Task brief:
Scan the records for "list". Show the matching lines.
· · · · ·
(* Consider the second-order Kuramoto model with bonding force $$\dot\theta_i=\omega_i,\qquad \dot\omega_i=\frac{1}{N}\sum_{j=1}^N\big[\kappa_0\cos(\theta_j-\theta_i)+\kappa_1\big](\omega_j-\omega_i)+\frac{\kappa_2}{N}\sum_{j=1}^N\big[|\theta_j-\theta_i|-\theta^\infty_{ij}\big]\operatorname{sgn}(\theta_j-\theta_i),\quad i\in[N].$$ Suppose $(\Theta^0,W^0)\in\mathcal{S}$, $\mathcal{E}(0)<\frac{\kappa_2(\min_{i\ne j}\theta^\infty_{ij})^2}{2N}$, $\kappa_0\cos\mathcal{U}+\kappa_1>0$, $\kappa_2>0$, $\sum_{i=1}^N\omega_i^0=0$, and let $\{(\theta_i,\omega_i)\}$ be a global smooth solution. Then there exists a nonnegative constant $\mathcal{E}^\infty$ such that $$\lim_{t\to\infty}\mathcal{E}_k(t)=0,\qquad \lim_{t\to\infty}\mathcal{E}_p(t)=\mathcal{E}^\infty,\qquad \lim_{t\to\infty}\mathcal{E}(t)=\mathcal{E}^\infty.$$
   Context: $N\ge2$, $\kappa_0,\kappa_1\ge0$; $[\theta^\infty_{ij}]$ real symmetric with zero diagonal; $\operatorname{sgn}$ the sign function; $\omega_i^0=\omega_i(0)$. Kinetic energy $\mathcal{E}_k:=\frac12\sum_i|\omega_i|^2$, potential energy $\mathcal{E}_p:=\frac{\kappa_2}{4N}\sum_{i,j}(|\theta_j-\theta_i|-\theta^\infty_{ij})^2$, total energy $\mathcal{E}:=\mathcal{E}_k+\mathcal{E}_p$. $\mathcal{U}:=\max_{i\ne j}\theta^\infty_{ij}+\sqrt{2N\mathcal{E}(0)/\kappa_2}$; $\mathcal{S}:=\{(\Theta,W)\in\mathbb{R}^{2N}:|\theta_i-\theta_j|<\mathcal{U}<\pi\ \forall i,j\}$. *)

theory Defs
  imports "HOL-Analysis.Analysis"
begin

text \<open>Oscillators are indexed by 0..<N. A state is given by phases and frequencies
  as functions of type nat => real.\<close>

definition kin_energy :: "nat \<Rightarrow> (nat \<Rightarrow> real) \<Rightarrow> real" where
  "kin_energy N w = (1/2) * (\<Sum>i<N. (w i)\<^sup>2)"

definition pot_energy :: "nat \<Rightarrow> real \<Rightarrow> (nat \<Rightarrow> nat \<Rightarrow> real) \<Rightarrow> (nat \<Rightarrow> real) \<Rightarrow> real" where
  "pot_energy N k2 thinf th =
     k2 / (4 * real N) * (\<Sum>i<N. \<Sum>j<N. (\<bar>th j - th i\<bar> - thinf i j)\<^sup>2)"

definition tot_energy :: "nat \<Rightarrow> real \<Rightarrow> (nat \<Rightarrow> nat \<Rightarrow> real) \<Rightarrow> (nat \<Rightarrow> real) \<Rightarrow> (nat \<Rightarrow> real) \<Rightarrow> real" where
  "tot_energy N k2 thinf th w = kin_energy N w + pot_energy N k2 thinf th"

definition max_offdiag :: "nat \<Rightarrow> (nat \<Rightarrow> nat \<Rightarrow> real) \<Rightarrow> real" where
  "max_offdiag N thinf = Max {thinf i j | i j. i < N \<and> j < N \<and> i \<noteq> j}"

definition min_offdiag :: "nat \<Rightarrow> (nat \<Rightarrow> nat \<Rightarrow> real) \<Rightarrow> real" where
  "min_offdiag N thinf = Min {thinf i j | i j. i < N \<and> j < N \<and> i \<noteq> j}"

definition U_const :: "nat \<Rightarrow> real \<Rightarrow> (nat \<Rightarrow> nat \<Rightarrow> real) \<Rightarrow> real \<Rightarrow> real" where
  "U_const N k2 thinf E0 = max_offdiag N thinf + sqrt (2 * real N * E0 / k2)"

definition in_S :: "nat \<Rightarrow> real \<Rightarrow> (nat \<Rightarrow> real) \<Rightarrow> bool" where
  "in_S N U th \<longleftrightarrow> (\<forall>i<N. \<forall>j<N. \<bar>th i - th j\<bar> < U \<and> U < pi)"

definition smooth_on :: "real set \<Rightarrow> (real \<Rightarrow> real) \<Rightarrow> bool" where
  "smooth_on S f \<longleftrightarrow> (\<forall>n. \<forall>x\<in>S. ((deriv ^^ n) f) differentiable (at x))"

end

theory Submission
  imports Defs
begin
· · · · ·
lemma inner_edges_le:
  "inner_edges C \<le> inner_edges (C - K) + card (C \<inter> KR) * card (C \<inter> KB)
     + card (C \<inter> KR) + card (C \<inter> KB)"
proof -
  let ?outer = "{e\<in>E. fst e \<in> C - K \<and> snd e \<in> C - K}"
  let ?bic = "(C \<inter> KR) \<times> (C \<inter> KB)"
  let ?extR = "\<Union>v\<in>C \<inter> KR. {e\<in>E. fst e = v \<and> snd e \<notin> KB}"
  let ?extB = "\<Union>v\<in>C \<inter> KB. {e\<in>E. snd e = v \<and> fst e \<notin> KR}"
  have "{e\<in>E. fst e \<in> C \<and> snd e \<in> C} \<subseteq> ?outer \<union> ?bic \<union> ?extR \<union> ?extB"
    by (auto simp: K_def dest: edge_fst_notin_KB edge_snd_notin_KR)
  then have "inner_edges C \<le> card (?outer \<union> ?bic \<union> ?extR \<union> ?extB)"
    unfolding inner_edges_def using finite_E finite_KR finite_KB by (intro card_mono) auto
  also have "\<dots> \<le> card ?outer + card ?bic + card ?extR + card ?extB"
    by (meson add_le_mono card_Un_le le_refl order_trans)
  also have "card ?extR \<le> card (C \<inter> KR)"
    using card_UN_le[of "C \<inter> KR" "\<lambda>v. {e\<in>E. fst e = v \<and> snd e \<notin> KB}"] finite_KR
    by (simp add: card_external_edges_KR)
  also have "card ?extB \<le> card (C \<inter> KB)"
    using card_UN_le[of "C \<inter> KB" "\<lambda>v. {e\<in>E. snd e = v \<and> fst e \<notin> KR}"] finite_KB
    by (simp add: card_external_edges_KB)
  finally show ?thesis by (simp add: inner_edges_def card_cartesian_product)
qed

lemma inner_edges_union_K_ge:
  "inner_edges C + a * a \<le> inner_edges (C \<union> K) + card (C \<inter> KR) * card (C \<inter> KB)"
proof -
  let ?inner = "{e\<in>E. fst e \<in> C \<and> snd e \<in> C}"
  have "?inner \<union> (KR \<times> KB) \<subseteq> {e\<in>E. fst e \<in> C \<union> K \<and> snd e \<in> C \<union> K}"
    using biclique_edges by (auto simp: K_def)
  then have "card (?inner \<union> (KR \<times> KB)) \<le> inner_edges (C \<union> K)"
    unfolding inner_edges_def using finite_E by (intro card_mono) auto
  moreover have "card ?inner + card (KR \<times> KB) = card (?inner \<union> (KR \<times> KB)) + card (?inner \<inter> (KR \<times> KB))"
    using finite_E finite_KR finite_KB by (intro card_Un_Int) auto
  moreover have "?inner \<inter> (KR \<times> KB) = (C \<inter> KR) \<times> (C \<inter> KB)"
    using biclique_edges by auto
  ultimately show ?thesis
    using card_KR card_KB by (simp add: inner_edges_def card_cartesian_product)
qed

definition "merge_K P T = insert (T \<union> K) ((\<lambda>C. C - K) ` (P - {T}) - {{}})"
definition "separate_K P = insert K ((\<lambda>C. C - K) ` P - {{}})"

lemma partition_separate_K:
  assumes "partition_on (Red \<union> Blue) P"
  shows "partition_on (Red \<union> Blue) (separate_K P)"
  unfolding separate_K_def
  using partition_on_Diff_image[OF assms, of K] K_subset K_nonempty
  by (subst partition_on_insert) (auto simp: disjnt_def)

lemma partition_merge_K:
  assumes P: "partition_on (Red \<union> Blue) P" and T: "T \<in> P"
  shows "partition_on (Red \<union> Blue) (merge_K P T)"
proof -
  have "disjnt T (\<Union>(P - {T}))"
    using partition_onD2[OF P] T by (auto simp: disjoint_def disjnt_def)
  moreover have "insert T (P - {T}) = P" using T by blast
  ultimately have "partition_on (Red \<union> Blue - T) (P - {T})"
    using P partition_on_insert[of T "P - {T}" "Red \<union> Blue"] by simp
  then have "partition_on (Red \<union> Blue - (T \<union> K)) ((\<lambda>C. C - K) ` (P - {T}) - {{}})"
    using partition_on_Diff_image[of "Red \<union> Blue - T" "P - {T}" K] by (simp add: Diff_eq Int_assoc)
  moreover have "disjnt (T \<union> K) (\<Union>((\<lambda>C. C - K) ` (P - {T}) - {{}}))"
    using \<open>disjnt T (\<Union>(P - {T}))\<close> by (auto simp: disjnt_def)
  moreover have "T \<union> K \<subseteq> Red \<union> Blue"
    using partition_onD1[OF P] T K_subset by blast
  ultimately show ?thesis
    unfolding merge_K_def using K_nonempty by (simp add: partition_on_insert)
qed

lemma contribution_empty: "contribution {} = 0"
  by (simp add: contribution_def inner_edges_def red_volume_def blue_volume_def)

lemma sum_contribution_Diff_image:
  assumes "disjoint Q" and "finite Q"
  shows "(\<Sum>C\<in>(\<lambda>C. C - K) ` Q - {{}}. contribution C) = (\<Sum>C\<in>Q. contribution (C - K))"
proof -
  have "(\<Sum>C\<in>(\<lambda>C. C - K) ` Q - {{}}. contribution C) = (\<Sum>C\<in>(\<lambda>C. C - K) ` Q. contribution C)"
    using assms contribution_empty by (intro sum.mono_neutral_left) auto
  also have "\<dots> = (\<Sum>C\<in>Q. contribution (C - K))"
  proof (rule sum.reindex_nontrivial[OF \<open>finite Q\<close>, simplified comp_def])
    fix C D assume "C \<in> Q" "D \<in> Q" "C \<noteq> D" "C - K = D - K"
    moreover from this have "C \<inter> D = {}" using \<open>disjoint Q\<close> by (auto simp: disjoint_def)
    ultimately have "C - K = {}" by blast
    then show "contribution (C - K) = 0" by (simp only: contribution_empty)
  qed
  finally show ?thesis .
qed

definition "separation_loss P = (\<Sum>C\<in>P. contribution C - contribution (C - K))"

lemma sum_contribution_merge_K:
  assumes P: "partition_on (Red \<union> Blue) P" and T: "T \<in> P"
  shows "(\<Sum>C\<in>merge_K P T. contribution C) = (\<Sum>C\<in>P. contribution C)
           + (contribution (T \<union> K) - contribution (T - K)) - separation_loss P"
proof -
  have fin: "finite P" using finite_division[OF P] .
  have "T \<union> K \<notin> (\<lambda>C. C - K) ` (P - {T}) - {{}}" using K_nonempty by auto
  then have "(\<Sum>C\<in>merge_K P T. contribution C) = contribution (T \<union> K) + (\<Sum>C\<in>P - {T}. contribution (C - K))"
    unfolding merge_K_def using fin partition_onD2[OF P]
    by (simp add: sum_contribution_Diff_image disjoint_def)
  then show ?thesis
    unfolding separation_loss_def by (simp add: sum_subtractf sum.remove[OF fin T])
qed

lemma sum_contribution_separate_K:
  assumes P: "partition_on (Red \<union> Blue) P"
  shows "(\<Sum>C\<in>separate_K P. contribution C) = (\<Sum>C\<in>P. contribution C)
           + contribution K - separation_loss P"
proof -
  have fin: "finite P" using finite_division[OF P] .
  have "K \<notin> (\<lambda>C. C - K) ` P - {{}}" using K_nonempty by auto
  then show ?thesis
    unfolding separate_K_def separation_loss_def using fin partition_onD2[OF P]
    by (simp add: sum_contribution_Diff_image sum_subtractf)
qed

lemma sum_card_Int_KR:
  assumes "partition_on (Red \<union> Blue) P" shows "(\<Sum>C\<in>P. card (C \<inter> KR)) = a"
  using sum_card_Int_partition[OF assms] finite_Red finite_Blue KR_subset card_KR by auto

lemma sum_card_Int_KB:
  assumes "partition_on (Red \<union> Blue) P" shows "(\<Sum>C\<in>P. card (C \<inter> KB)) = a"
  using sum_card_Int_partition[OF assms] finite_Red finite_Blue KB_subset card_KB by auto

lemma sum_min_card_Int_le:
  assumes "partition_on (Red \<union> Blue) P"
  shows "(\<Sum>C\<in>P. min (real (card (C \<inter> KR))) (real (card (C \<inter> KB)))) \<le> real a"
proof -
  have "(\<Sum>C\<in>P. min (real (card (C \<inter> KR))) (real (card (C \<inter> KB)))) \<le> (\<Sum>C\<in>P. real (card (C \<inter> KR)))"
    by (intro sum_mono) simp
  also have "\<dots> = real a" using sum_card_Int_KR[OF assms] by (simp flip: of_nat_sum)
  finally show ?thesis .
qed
· · · · ·
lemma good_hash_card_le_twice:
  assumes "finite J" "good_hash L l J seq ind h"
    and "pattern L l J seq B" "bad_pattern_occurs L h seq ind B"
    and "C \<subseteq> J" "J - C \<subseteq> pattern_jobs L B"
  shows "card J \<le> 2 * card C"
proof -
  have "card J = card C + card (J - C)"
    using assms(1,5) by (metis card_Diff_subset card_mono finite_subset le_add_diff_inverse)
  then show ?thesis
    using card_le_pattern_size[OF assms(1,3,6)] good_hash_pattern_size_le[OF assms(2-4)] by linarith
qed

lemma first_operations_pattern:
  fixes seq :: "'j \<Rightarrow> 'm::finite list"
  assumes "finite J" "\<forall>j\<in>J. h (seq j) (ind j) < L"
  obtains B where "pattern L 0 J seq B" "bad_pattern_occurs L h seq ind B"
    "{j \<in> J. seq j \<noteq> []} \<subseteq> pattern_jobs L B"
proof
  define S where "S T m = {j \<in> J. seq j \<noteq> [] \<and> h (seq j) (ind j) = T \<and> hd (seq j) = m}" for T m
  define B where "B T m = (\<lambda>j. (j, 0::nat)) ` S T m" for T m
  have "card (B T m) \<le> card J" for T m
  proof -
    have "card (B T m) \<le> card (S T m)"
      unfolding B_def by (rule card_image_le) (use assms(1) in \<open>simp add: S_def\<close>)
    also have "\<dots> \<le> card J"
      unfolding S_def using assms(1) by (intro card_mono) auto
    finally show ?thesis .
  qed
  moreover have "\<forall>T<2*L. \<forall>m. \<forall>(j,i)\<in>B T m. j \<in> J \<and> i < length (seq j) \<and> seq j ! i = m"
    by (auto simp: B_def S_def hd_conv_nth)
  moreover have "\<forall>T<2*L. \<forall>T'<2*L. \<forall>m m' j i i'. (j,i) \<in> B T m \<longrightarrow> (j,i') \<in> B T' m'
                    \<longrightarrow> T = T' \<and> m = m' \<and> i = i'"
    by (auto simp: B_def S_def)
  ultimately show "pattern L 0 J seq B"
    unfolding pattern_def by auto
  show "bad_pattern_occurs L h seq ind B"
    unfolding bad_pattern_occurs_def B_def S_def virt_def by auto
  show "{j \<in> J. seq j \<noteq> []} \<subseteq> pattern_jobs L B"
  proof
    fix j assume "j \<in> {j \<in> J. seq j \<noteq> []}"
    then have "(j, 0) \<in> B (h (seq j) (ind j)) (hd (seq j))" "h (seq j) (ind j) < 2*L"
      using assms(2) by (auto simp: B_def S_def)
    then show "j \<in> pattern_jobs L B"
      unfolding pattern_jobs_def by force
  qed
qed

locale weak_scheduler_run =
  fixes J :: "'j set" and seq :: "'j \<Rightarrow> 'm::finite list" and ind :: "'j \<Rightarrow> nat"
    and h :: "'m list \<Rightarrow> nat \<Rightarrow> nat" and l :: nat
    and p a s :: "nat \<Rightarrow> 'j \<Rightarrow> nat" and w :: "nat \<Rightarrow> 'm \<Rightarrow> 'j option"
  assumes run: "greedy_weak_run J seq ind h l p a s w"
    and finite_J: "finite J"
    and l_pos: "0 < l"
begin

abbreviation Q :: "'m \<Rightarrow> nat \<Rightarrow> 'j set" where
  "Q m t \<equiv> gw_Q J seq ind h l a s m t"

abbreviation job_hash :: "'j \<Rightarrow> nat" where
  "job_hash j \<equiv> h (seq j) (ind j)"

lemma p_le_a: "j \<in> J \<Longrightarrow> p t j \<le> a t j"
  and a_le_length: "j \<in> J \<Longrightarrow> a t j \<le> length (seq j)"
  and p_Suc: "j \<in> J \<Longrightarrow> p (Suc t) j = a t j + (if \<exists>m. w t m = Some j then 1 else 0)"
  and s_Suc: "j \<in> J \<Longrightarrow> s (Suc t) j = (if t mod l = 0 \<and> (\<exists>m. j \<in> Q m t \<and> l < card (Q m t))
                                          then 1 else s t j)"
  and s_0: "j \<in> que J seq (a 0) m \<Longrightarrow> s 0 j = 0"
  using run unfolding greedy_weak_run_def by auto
· · · · ·
Final answer:
  fixes seq :: "'j \<Rightarrow> 'm::finite list"
  fixes J :: "'j set" and seq :: "'j \<Rightarrow> 'm::finite list" and ind :: "'j \<Rightarrow> nat"
    and h :: "'m list \<Rightarrow> nat \<Rightarrow> nat" and l :: nat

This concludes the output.